Improved(?) Scraper Script

Home Forums RetroPie Project Peoples Projects Improved(?) Scraper Script

RetroPie has a new website and forum. Please visit https://retropie.org.uk/ for the new site. The new forum is located at https://retropie.org.uk/forum/. This forum is left here as a read-only archive.

This topic contains 4 replies, has 4 voices, and was last updated by Profile photo of alexbleks alexbleks 2 years ago.

Viewing 5 posts - 1 through 5 (of 5 total)
  • Author
    Posts
  • #83282
    Profile photo of rev138
    rev138
    Participant

    I find the existing scraper leaves something to be desired. My main gripes are that it’s slow as death, and if you want the info to be accurate you need to run it in manual mode and babysit it. So, I decided to write my own.

    The script uses the VG Archive API, which lets you search by the ROM’s MD5 digest, which is WAY more sane than searching by title, like TheGamesDB forces you to. The main problem I found with VG Archive, however, is that it it’s missing a lot of images, or has broken image links. If this script fails to get a valid box cover from the API, it queries google for the first image result for “<game title> <system> box art”, which in my random sampling always returned an appropriate image. Finally, the downloaded images are scaled to 350px and saved in JPEG format with 50% compression (though I’m thinking of making this customizable via an argument), which seems to yield smaller file sizes than the default scraper.

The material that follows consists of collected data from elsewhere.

theorem lemma3:
  fixes f :: "real^'n \<Rightarrow> real" and gf :: "real^'n \<Rightarrow> real^'n"
    and sgf :: "real^'n \<Rightarrow> 'z \<Rightarrow> real^'n"
    and P :: "'w measure" and S :: "'z measure" and Dz :: "'z measure"
    and Z :: "nat \<Rightarrow> 'w \<Rightarrow> 'z"
    and M :: nat and \<mu> L \<alpha> \<Gamma> \<gamma> :: real
    and D :: "real^'n^'n" and xs :: "nat \<Rightarrow> real^'n" and xstar :: "real^'n"
    and sync :: bool
  assumes M_pos: "M \<ge> 1"
    and grad: "\<And>x. (f has_derivative (\<lambda>h. gf x \<bullet> h)) (at x)"
    and strong_smooth: "\<And>x y. \<mu> / 2 * (norm (x - y))\<^sup>2 \<le> f x - f y - gf y \<bullet> (x - y)
                          \<and> f x - f y - gf y \<bullet> (x - y) \<le> L / 2 * (norm (x - y))\<^sup>2"
    and mu_pos: "\<mu> > 0"
    and xstar_min: "\<And>y. f xstar \<le> f y"
    and P_prob: "prob_space P"
    and Dz_prob: "prob_space Dz"
    and Z_meas: "\<And>m. m < M \<Longrightarrow> Z m \<in> measurable P S"
    and Z_distr: "\<And>m. m < M \<Longrightarrow> distr P S (Z m) = Dz"
    and Z_indep: "prob_space.indep_vars P (\<lambda>_. S) Z {..<M}"
    and sets_Dz: "sets Dz = sets S"
    and sg_meas: "\<And>x. sgf x \<in> borel_measurable S"
    and sg_int: "\<And>x. integrable Dz (sgf x)"
    and sg_sq_int: "\<And>x. integrable Dz (\<lambda>z. (norm (sgf x z))\<^sup>2)"
    and sg_unbiased: "\<And>x. (\<integral>z. sgf x z \<partial>Dz) = gf x"
    and D_diag: "diag_mat D"
    and alpha_pos: "0 < \<alpha>" and alpha_le: "\<alpha> \<le> \<Gamma>"
    and D_bounds: "\<And>v. \<alpha> * (norm v)\<^sup>2 \<le> sqnormA D v \<and> sqnormA D v \<le> \<Gamma> * (norm v)\<^sup>2"
    and gamma_pos: "\<gamma> > 0" and gamma_le: "\<gamma> \<le> \<alpha> / (4 * L)"
  shows
    "(\<integral>\<omega>. sqnormA D (avg M (savic_step M \<gamma> D sync xs (\<lambda>j. sgf (xs j) (Z j \<omega>))) - xstar) \<partial>P)
     \<le> (1 - \<gamma> * \<mu> / \<Gamma>) * sqnormA D (avg M xs - xstar)
       + \<gamma>\<^sup>2 / \<alpha> * (\<integral>\<omega>. (norm (avg M (\<lambda>j. sgf (xs j) (Z j \<omega>)) - avg M (\<lambda>j. gf (xs j))))\<^sup>2 \<partial>P)
       - \<gamma> / 2 * bregman f gf (avg M xs) xstar
       + 2 * \<gamma> * L / \<alpha> * ((1 / real M) * (\<Sum>m<M. sqnormA D (xs m - avg M xs)))"
proof -
  interpret P: prob_space P by (rule P_prob)
  \<comment> \<open>\<open>L > 0\<close> is implicit: otherwise \<open>\<alpha> / (4 * L) \<le> 0 < \<gamma>\<close> (recall \<open>x / 0 = 0\<close>).\<close>
  have "L > 0"
    using gamma_le gamma_pos alpha_pos by (smt (verit) divide_nonneg_nonpos)
  then have "4 * \<gamma> * L \<le> \<alpha>"
    using gamma_le by (simp add: field_simps)
  define G where "G = (\<lambda>\<omega>. avg M (\<lambda>j. sgf (xs j) (Z j \<omega>)))"
  have sample: "integrable P (\<lambda>\<omega>. sgf (xs j) (Z j \<omega>))"
      "integrable P (\<lambda>\<omega>. (norm (sgf (xs j) (Z j \<omega>)))\<^sup>2)"
      "(\<integral>\<omega>. sgf (xs j) (Z j \<omega>) \<partial>P) = gf (xs j)" if "j < M" for j
    using distr_sample_moments[OF Z_meas[OF that] Z_distr[OF that] sg_meas sg_int sg_sq_int]
      sg_unbiased by simp_all
  have G: "integrable P G" "integrable P (\<lambda>\<omega>. (norm (G \<omega>))\<^sup>2)"
      "(\<integral>\<omega>. G \<omega> \<partial>P) = avg M (\<lambda>j. gf (xs j))"
    using integrable_avg_moments[OF M_pos, where X = "\<lambda>j \<omega>. sgf (xs j) (Z j \<omega>)" and P = P]
      sample avg_cong[of M "\<lambda>j. \<integral>\<omega>. sgf (xs j) (Z j \<omega>) \<partial>P"]
    by (simp_all add: G_def)
  have "(\<integral>\<omega>. sqnormA D (avg M (savic_step M \<gamma> D sync xs (\<lambda>j. sgf (xs j) (Z j \<omega>))) - xstar) \<partial>P)
      = (\<integral>\<omega>. sqnormA D ((avg M xs - xstar) - \<gamma> *\<^sub>R (matrix_inv D *v G \<omega>)) \<partial>P)"
    by (simp add: avg_savic_step[OF M_pos] G_def algebra_simps)
  also have "\<dots> \<le> sqnormA D (avg M xs - xstar) - 2 * \<gamma> * ((avg M xs - xstar) \<bullet> avg M (\<lambda>j. gf (xs j)))
      + \<gamma>\<^sup>2 / \<alpha> * ((norm (avg M (\<lambda>j. gf (xs j))))\<^sup>2
        + (\<integral>\<omega>. (norm (G \<omega> - avg M (\<lambda>j. gf (xs j))))\<^sup>2 \<partial>P))"
    using P.expected_precond_step_le[OF diag_mat_transpose[OF D_diag] _ alpha_pos G(1,2)]
      D_bounds unfolding G(3) by blast
  finally show ?thesis
    using precond_mean_grad_step_le[OF M_pos conjunct1[OF strong_smooth] conjunct2[OF strong_smooth]
        xstar_min less_imp_le[OF mu_pos] \<open>L > 0\<close> D_bounds alpha_pos alpha_le gamma_pos
        \<open>4 * \<gamma> * L \<le> \<alpha>\<close>, of xs]
    unfolding G_def by (simp add: algebra_simps)
qed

    Anyway, I figured as long as I had a functional script, I might as well share. It’s written in perl, and you’ll need to install a few extra packages on top of what ships with the RetroPie image:
    sudo apt-get install libwww-perl libxml-simple-perl perlmagick libjson-perl

    Here’s an example invocation for NES, assuming you have the script downloaded in /home/pi:
    ./es_scraper.pl --in-file .emulationstation/gamelists/nes/gamelist.xml --out-file .emulationstation/gamelists/nes/gamelist.xml --downloads .emulationstation/downloaded_images/nes "RetroPie/roms/nes/*"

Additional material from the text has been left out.